Stored items:
(* Let $p$ be a prime, let $U$ be an open subgroup of $S$, and let $H\neq\{t\}$ be a closed normal subgroup of $U$. Then $H$ is infinite, and $H$ contains elements of arbitrarily large depth: for every $N\ge1$ there is $h\in H$ with $h\neq t$ and $h\equiv t\pmod{t^N}$.
   Context: $S$ denotes the group, under substitution $(f\circ g)(t)=f(g(t))$, of all power series $t+\sum_{k\ge1}(a_{pk}t^{pk}+a_{pk+1}t^{pk+1})$ with coefficients in $\mathbb F_p$; it is a pro-$p$ group with the topology in which the subgroups $\{f\in S: f\equiv t\bmod t^n\}$ form a base of open neighbourhoods of the identity $t$. *)

theory Defs
  imports "HOL-Algebra.Coset" "HOL-Computational_Algebra.Formal_Power_Series"
begin

text \<open>The base field F_p is modelled as a finite field type 'a with CARD('a) = p
  (p prime); every such field is (isomorphic to) F_p.\<close>

definition S_set :: "nat \<Rightarrow> ('a::field) fps set" where
  "S_set p = {f. fps_nth f 0 = 0 \<and> fps_nth f 1 = 1 \<and>
      (\<forall>n\<ge>2. fps_nth f n \<noteq> 0 \<longrightarrow> p \<le> n \<and> (n mod p = 0 \<or> n mod p = 1))}"

definition S_grp :: "nat \<Rightarrow> ('a::field) fps monoid" where
  "S_grp p = \<lparr>carrier = S_set p, monoid.mult = (\<lambda>f g. f oo g), one = fps_X\<rparr>"

definition cong_mod_tpow :: "('a::field) fps \<Rightarrow> 'a fps \<Rightarrow> nat \<Rightarrow> bool" where
  "cong_mod_tpow f g n \<longleftrightarrow> (\<forall>i<n. fps_nth f i = fps_nth g i)"

definition S_nbhd :: "nat \<Rightarrow> nat \<Rightarrow> ('a::field) fps set" where
  "S_nbhd p n = {f \<in> S_set p. cong_mod_tpow f fps_X n}"

text \<open>An open subgroup of S: a subgroup containing some basic open neighbourhood of t
  (a subgroup of a topological group is open iff it contains a neighbourhood of 1).\<close>
definition open_subgroup_S :: "nat \<Rightarrow> ('a::field) fps set \<Rightarrow> bool" where
  "open_subgroup_S p U \<longleftrightarrow> subgroup U (S_grp p) \<and> (\<exists>n. S_nbhd p n \<subseteq> U)"

text \<open>The basic neighbourhoods of f in S are
  f o S_nbhd p n = {g in S. g = f mod t^n}; so A is closed iff every f in S
  approximated modulo every power t^n by elements of A lies in A.\<close>
definition closed_in_S :: "nat \<Rightarrow> ('a::field) fps set \<Rightarrow> bool" where
  "closed_in_S p A \<longleftrightarrow> A \<subseteq> S_set p \<and>
     (\<forall>f \<in> S_set p. (\<forall>n. \<exists>h\<in>A. cong_mod_tpow h f n) \<longrightarrow> f \<in> A)"

end

theory Submission
  imports Defs "HOL-Number_Theory.Residues"
begin

text \<open>
  A nontrivial h \<in> H has the form t + t^m q with q(0) \<noteq> 0, and the shape of S forces
  m \<equiv> 0 or 1 (mod p). For large n \<equiv> 1 - m (mod p) the series g = t + t^n lies in U, and
  h \<circ> g - g \<circ> h = (m - n) q(0) t^(m+n-1) + O(t^(m+n)) with m - n a unit of F_p. So the
  commutator of h and g, which lies in H by normality, is nontrivial and congruent to t
  modulo t^(m+n-1). A finite set cannot contain nontrivial elements of unbounded depth.
\<close>

unbundle fps_syntax

lemma fps_power_nth_agree_below:
  fixes a b :: "'a::comm_ring_1 fps"
  assumes "\<And>i. i < K \<Longrightarrow> a $ i = b $ i" and "i < K"
  shows "(a ^ j) $ i = (b ^ j) $ i"
  using \<open>i < K\<close>
proof (induction j arbitrary: i)
  case 0
  then show ?case by simp
next
  case (Suc j)
  then show ?case
    using assms(1) by (auto simp: fps_mult_nth intro!: sum.cong)
qed

lemma fps_compose_nth_agree_below:
  fixes a b k :: "'a::comm_ring_1 fps"
  assumes "\<And>i. i < K \<Longrightarrow> a $ i = b $ i" and "i < K"
  shows "(k oo a) $ i = (k oo b) $ i"
  using fps_power_nth_agree_below[OF assms(1)] assms(2)
  by (auto simp: fps_compose_nth intro!: sum.cong)

lemma fps_eq_X_power_mult_shift:
  fixes f :: "'a::comm_ring_1 fps"
  assumes "\<And>i. i < n \<Longrightarrow> f $ i = 0"
  shows "f = fps_X ^ n * fps_shift n f"
  by (rule fps_ext) (simp add: fps_X_power_mult_nth assms)

lemma one_plus_power_eq:
  fixes y :: "'a::comm_ring_1"
  shows "\<exists>s. (1 + y) ^ m = 1 + of_nat m * y + y\<^sup>2 * s"
proof (induction m)
  case 0
  then show ?case by (intro exI[of _ 0]) simp
next
  case (Suc m)
  then obtain s where "(1 + y) ^ m = 1 + of_nat m * y + y\<^sup>2 * s" by blast
  then show ?case
    by (intro exI[of _ "of_nat m + s + s * y"]) (simp add: algebra_simps power2_eq_square)
qed

lemma fps_commutator_X_plus_X_power:
  fixes q :: "'a::idom fps"
  assumes "2 \<le> m" and "2 \<le> n"
  defines "h \<equiv> fps_X + fps_X ^ m * q" and "g \<equiv> fps_X + fps_X ^ n"
  shows "\<exists>F. (h oo g) - (g oo h) = fps_X ^ (m + n - 1) * F \<and>
             F $ 0 = (of_nat m - of_nat n) * q $ 0"
proof -
  obtain a b where m: "m = a + 2" and n: "n = b + 2"
    using assms(1,2) by (metis add.commute le_Suc_ex)
  define X :: "'a fps" where "X = fps_X"
  have g0: "g $ 0 = 0" and h0: "h $ 0 = 0"
    using assms(1,2) by (simp_all add: g_def h_def)
  have g_oo_h: "g oo h = h + h ^ n"
    using h0 by (simp add: g_def fps_compose_add_distrib fps_X_power_compose)
  have h_oo_g: "h oo g = g + g ^ m * (q oo g)"
    using g0 by (simp add: h_def fps_compose_add_distrib fps_compose_mult_distrib fps_X_power_compose)
  have "((q oo g) - q) $ i = 0" if "i < n" for i
    using fps_compose_nth_agree_below[of n g fps_X i q] that by (simp add: g_def)
  then have "(q oo g) - q = X ^ n * fps_shift n ((q oo g) - q)"
    unfolding X_def by (rule fps_eq_X_power_mult_shift)
  then obtain r where q_oo_g: "q oo g = q + X ^ n * r"
    by (metis add_diff_cancel_left' diff_add_cancel)
  \<comment> \<open>With A = X^a and B = X^b all remaining exponents are numerals, so the final
    identity is a plain ring identity.\<close>
  define A B where "A = X ^ a" and "B = X ^ b"
  have Xm: "X ^ m = X\<^sup>2 * A" and Xn: "X ^ n = X\<^sup>2 * B"
    and Xmn: "X ^ (m + n - 1) = X ^ 3 * A * B"
    by (simp_all add: A_def B_def m n power_add power2_eq_square power3_eq_cube mult_ac)
  have g_X: "g = X * (1 + X * B)" and h_X: "h = X * (1 + X * A * q)"
    by (simp_all add: g_def h_def Xm Xn algebra_simps power2_eq_square flip: X_def)
  obtain s where s: "(1 + X * B) ^ m = 1 + of_nat m * (X * B) + (X * B)\<^sup>2 * s"
    using one_plus_power_eq by blast
  obtain t where t: "(1 + X * A * q) ^ n = 1 + of_nat n * (X * A * q) + (X * A * q)\<^sup>2 * t"
    using one_plus_power_eq by blast
  define F where "F = (of_nat m - of_nat n) * q + X * B * s * q
      + X * (1 + of_nat m * (X * B) + (X * B)\<^sup>2 * s) * r - X * A * q\<^sup>2 * t"
  have "(h oo g) - (g oo h) = X * (1 + X * B) + (X ^ m * (1 + X * B) ^ m) * (q + X ^ n * r)
      - X * (1 + X * A * q) - X ^ n * (1 + X * A * q) ^ n"
    unfolding h_oo_g g_oo_h q_oo_g by (simp add: g_X h_X power_mult_distrib)
  also have "\<dots> = X ^ (m + n - 1) * F"
    unfolding s t Xm Xn Xmn F_def by (simp add: algebra_simps power2_eq_square power3_eq_cube)
  finally have "(h oo g) - (g oo h) = X ^ (m + n - 1) * F" .
  moreover have "F $ 0 = (of_nat m - of_nat n) * q $ 0"
    by (simp add: F_def X_def)
  ultimately show ?thesis
    by (auto simp: X_def)
qed

lemma of_nat_eq_of_nat_mod:
  assumes "CHAR('a::semiring_1_cancel) dvd p"
  shows "(of_nat k :: 'a) = of_nat (k mod p)"
  using assms by (simp add: of_nat_eq_iff_cong_CHAR cong_dvd_modulus_nat[of _ _ p])

lemma of_nat_diff_nonzero_if_mod_sum_one:
  assumes "CHAR('a::ring_1) dvd p" and "m mod p + n mod p = 1"
  shows "(of_nat m - of_nat n :: 'a) \<noteq> 0"
proof -
  have "(of_nat m - of_nat n :: 'a) = of_nat (m mod p) - of_nat (n mod p)"
    using of_nat_eq_of_nat_mod[OF assms(1)] by metis
  then show ?thesis
    using assms(2) by (cases "m mod p") auto
qed

lemma exists_large_exponent_with_complementary_residue:
  fixes m p N :: nat
  assumes "2 \<le> p" and "m mod p = 0 \<or> m mod p = 1"
  obtains n where "N \<le> n" and "p \<le> n" and "m mod p + n mod p = 1"
proof
  define n where "n = (1 - m mod p) + (N + 1) * p"
  have "N + 1 \<le> (N + 1) * p"
    using assms(1) mult_le_mono2[of 1 p "N + 1"] by simp
  then show "N \<le> n" and "p \<le> n"
    using assms(1) by (auto simp: n_def intro: order_trans[of _ "(N + 1) * p"])
  have "n mod p = (1 - m mod p) mod p"
    unfolding n_def by (rule mod_mult_self1)
  also have "\<dots> = 1 - m mod p"
    using assms(1) by simp
  finally show "m mod p + n mod p = 1"
    using assms(2) by auto
qed

lemma S_set_elem_eq_X_plus_X_power_mult:
  assumes "h \<in> S_set p" and "h \<noteq> fps_X"
  obtains m q where "h = fps_X + fps_X ^ m * q" and "q $ 0 \<noteq> 0" and "2 \<le> m"
    and "m mod p = 0 \<or> m mod p = 1"
proof -
  define m where "m = subdegree (h - fps_X)"
  have "h - fps_X \<noteq> 0"
    using assms(2) by simp
  then have hm: "(h - fps_X) $ m \<noteq> 0"
    unfolding m_def by (rule nth_subdegree_nonzero)
  have below: "\<And>i. i < m \<Longrightarrow> (h - fps_X) $ i = 0"
    unfolding m_def by (rule nth_less_subdegree_zero)
  have h01: "h $ 0 = 0" "h $ 1 = 1"
    using assms(1) by (simp_all add: S_set_def)
  have "(h - fps_X) $ 0 = 0" and "(h - fps_X) $ 1 = 0"
    using h01 by simp_all
  then have "m \<noteq> 0" and "m \<noteq> 1"
    using hm by metis+
  then have m2: "2 \<le> m"
    by simp
  then have "h $ m \<noteq> 0"
    using hm by simp
  then have m_mod: "m mod p = 0 \<or> m mod p = 1"
    using assms(1) m2 by (simp add: S_set_def)
  have h_eq: "h = fps_X + fps_X ^ m * fps_shift m (h - fps_X)"
    using fps_eq_X_power_mult_shift[OF below] by (simp add: algebra_simps)
  have "fps_shift m (h - fps_X) $ 0 \<noteq> 0"
    using hm by simp
  then show thesis
    using that[OF h_eq _ m2 m_mod] by blast
qed

lemma X_plus_X_power_in_S_nbhd:
  assumes "2 \<le> n" and "p \<le> n" and "n mod p = 0 \<or> n mod p = 1" and "N \<le> n"
  shows "(fps_X + fps_X ^ n :: 'a::field fps) \<in> S_nbhd p N"
  using assms by (auto simp: S_nbhd_def S_set_def cong_mod_tpow_def)

lemma (in normal) commutator_closed:
  assumes "h \<in> H" and "g \<in> carrier G"
  shows "inv (g \<otimes> h) \<otimes> (h \<otimes> g) \<in> H"
proof -
  have "inv (g \<otimes> h) \<otimes> (h \<otimes> g) = inv h \<otimes> (inv g \<otimes> h \<otimes> g)"
    using assms by (simp add: inv_mult_group m_assoc)
  then show ?thesis
    using assms by (simp add: inv_op_closed1 m_inv_closed)
qed

lemma (in group) commutator_eq_one_iff:
  assumes "g \<in> carrier G" and "h \<in> carrier G"
  shows "inv (g \<otimes> h) \<otimes> (h \<otimes> g) = \<one> \<longleftrightarrow> h \<otimes> g = g \<otimes> h"
  using assms by (simp add: inv_solve_left')

lemma infinite_if_arbitrarily_close_elements:
  fixes f :: "'a::field fps"
  assumes "\<And>N. \<exists>h\<in>A. h \<noteq> f \<and> cong_mod_tpow h f N"
  shows "infinite A"
proof
  assume "finite A"
  define N where "N = Suc (Max ((\<lambda>h. subdegree (h - f)) ` A))"
  obtain h where h: "h \<in> A" "h \<noteq> f" "cong_mod_tpow h f N"
    using assms by blast
  have "subdegree (h - f) < N"
    using \<open>finite A\<close> h(1) by (simp add: N_def le_imp_less_Suc)
  then have "(h - f) $ subdegree (h - f) = 0"
    using h(3) by (simp only: cong_mod_tpow_def fps_sub_nth) simp
  moreover have "(h - f) $ subdegree (h - f) \<noteq> 0"
    using h(2) by (intro nth_subdegree_nonzero) simp
  ultimately show False
    by contradiction
qed

lemma normal_subgroup_of_open_subgroup_has_deep_elements:
  fixes U H :: "('a::{field,finite}) fps set"
  assumes "2 \<le> p" and "card (UNIV :: 'a set) = p" and "open_subgroup_S p U"
    and "normal H ((S_grp p)\<lparr>carrier := U\<rparr>)" and "h \<in> H" and "h \<noteq> fps_X"
  shows "\<exists>c\<in>H. c \<noteq> fps_X \<and> cong_mod_tpow c fps_X N"
proof -
  define G where "G = (S_grp p)\<lparr>carrier := U\<rparr>"
  interpret normal H G
    using assms(4) by (simp add: G_def)
  have G_simps [simp]: "carrier G = U" "\<And>x y. x \<otimes>\<^bsub>G\<^esub> y = x oo y" "\<one>\<^bsub>G\<^esub> = fps_X"
    by (simp_all add: G_def S_grp_def)
  obtain N0 where N0: "S_nbhd p N0 \<subseteq> U" and "subgroup U (S_grp p)"
    using assms(3) by (auto simp: open_subgroup_S_def)
  then have "U \<subseteq> S_set p"
    using subgroup.subset by (force simp: S_grp_def)
  then have hU: "h \<in> U" and "h \<in> S_set p"
    using assms(5) subset by auto
  then obtain m q where h_eq: "h = fps_X + fps_X ^ m * q" and q0: "q $ 0 \<noteq> 0"
    and m2: "2 \<le> m" and m_mod: "m mod p = 0 \<or> m mod p = 1"
    using assms(6) S_set_elem_eq_X_plus_X_power_mult by blast
  obtain n where n: "max N N0 \<le> n" "p \<le> n" and mn_mod: "m mod p + n mod p = 1"
    using exists_large_exponent_with_complementary_residue[OF assms(1) m_mod] by blast
  define g :: "'a fps" where "g = fps_X + fps_X ^ n"
  have "g \<in> S_nbhd p N0"
    unfolding g_def using n mn_mod assms(1) by (intro X_plus_X_power_in_S_nbhd) auto
  then have gU: "g \<in> U"
    using N0 by blast
  obtain F where F: "(h oo g) - (g oo h) = fps_X ^ (m + n - 1) * F"
    and F0: "F $ 0 = (of_nat m - of_nat n) * q $ 0"
    using fps_commutator_X_plus_X_power[of m n q] m2 n assms(1) by (auto simp: h_eq g_def)
  have "F $ 0 \<noteq> 0"
    using F0 q0 of_nat_diff_nonzero_if_mod_sum_one[OF _ mn_mod] CHAR_dvd_CARD assms(2) by auto
  define k where "k = inv\<^bsub>G\<^esub> (g oo h)"
  have k_inv: "k oo (g oo h) = fps_X"
    using l_inv[of "g \<otimes>\<^bsub>G\<^esub> h"] m_closed[of g h] gU hU by (simp add: k_def)
  define c where "c = k oo (h oo g)"
  have "c \<in> H"
    using commutator_closed[OF assms(5)] gU by (simp add: c_def k_def)
  moreover have "c \<noteq> fps_X"
  proof
    assume "c = fps_X"
    then have "h oo g = g oo h"
      using commutator_eq_one_iff[of g h] gU hU by (simp add: c_def k_def)
    then show False
      using F \<open>F $ 0 \<noteq> 0\<close> by simp
  qed
  moreover have "cong_mod_tpow c fps_X N"
  proof -
    have agree: "(h oo g) $ i = (g oo h) $ i" if "i < m + n - 1" for i
      using arg_cong[OF F, of "\<lambda>f. f $ i"] that by (simp add: fps_X_power_mult_nth)
    have "c $ i = fps_X $ i" if "i < N" for i
    proof -
      have "i < m + n - 1"
        using that n m2 by auto
      then show ?thesis
        unfolding c_def k_inv[symmetric] using fps_compose_nth_agree_below[of "m + n - 1" "h oo g" "g oo h" i k] agree by blast
    qed
    then show ?thesis
      by (simp add: cong_mod_tpow_def)
  qed
  ultimately show ?thesis
    by blast
qed

theorem proposition5p6:
  fixes p :: nat and U H :: "('a::{field,finite}) fps set"
  assumes "prime p" and "card (UNIV :: 'a set) = p"
    and "open_subgroup_S p U"
    and "closed_in_S p H"
    and "normal H ((S_grp p)\<lparr>carrier := U\<rparr>)"
    and "H \<noteq> {fps_X}"
  shows "infinite H \<and>
         (\<forall>N\<ge>1. \<exists>h\<in>H. h \<noteq> fps_X \<and> cong_mod_tpow h fps_X N)"
proof -
  have "fps_X \<in> H"
    using normal.axioms(1)[OF assms(5)] subgroup.one_closed by (fastforce simp: S_grp_def)
  then obtain h where "h \<in> H" and "h \<noteq> fps_X"
    using assms(6) by blast
  then have deep: "\<exists>c\<in>H. c \<noteq> fps_X \<and> cong_mod_tpow c fps_X N" for N
    using normal_subgroup_of_open_subgroup_has_deep_elements prime_ge_2_nat assms by blast
  then have "infinite H"
    by (rule infinite_if_arbitrarily_close_elements)
  with deep show ?thesis
    by blast
qed

end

• [To do]: The lines above from the one with "using assms(1) mult_le_mono2[of" through the one with "- fps_X) $ m" are to be duplicated exactly, ends included, with nothing added.

• [Completed task]:
    using assms(1) mult_le_mono2[of 1 p "N + 1"] by simp
  then show "N \<le> n" and "p \<le> n"
    using assms(1) by (auto simp: n_def intro: order_trans[of _ "(N + 1) * p"])
  have "n mod p = (1 - m mod p) mod p"
    unfolding n_def by (rule mod_mult_self1)
  also have "\<dots> = 1 - m mod p"
    using assms(1) by simp
  finally show "m mod p + n mod p = 1"
    using assms(2) by auto
qed

lemma S_set_elem_eq_X_plus_X_power_mult:
  assumes "h \<in> S_set p" and "h \<noteq> fps_X"
  obtains m q where "h = fps_X + fps_X ^ m * q" and "q $ 0 \<noteq> 0" and "2 \<le> m"
    and "m mod p = 0 \<or> m mod p = 1"
proof -
  define m where "m = subdegree (h - fps_X)"
  have "h - fps_X \<noteq> 0"
    using assms(2) by simp
  then have hm: "(h - fps_X) $ m \<noteq> 0"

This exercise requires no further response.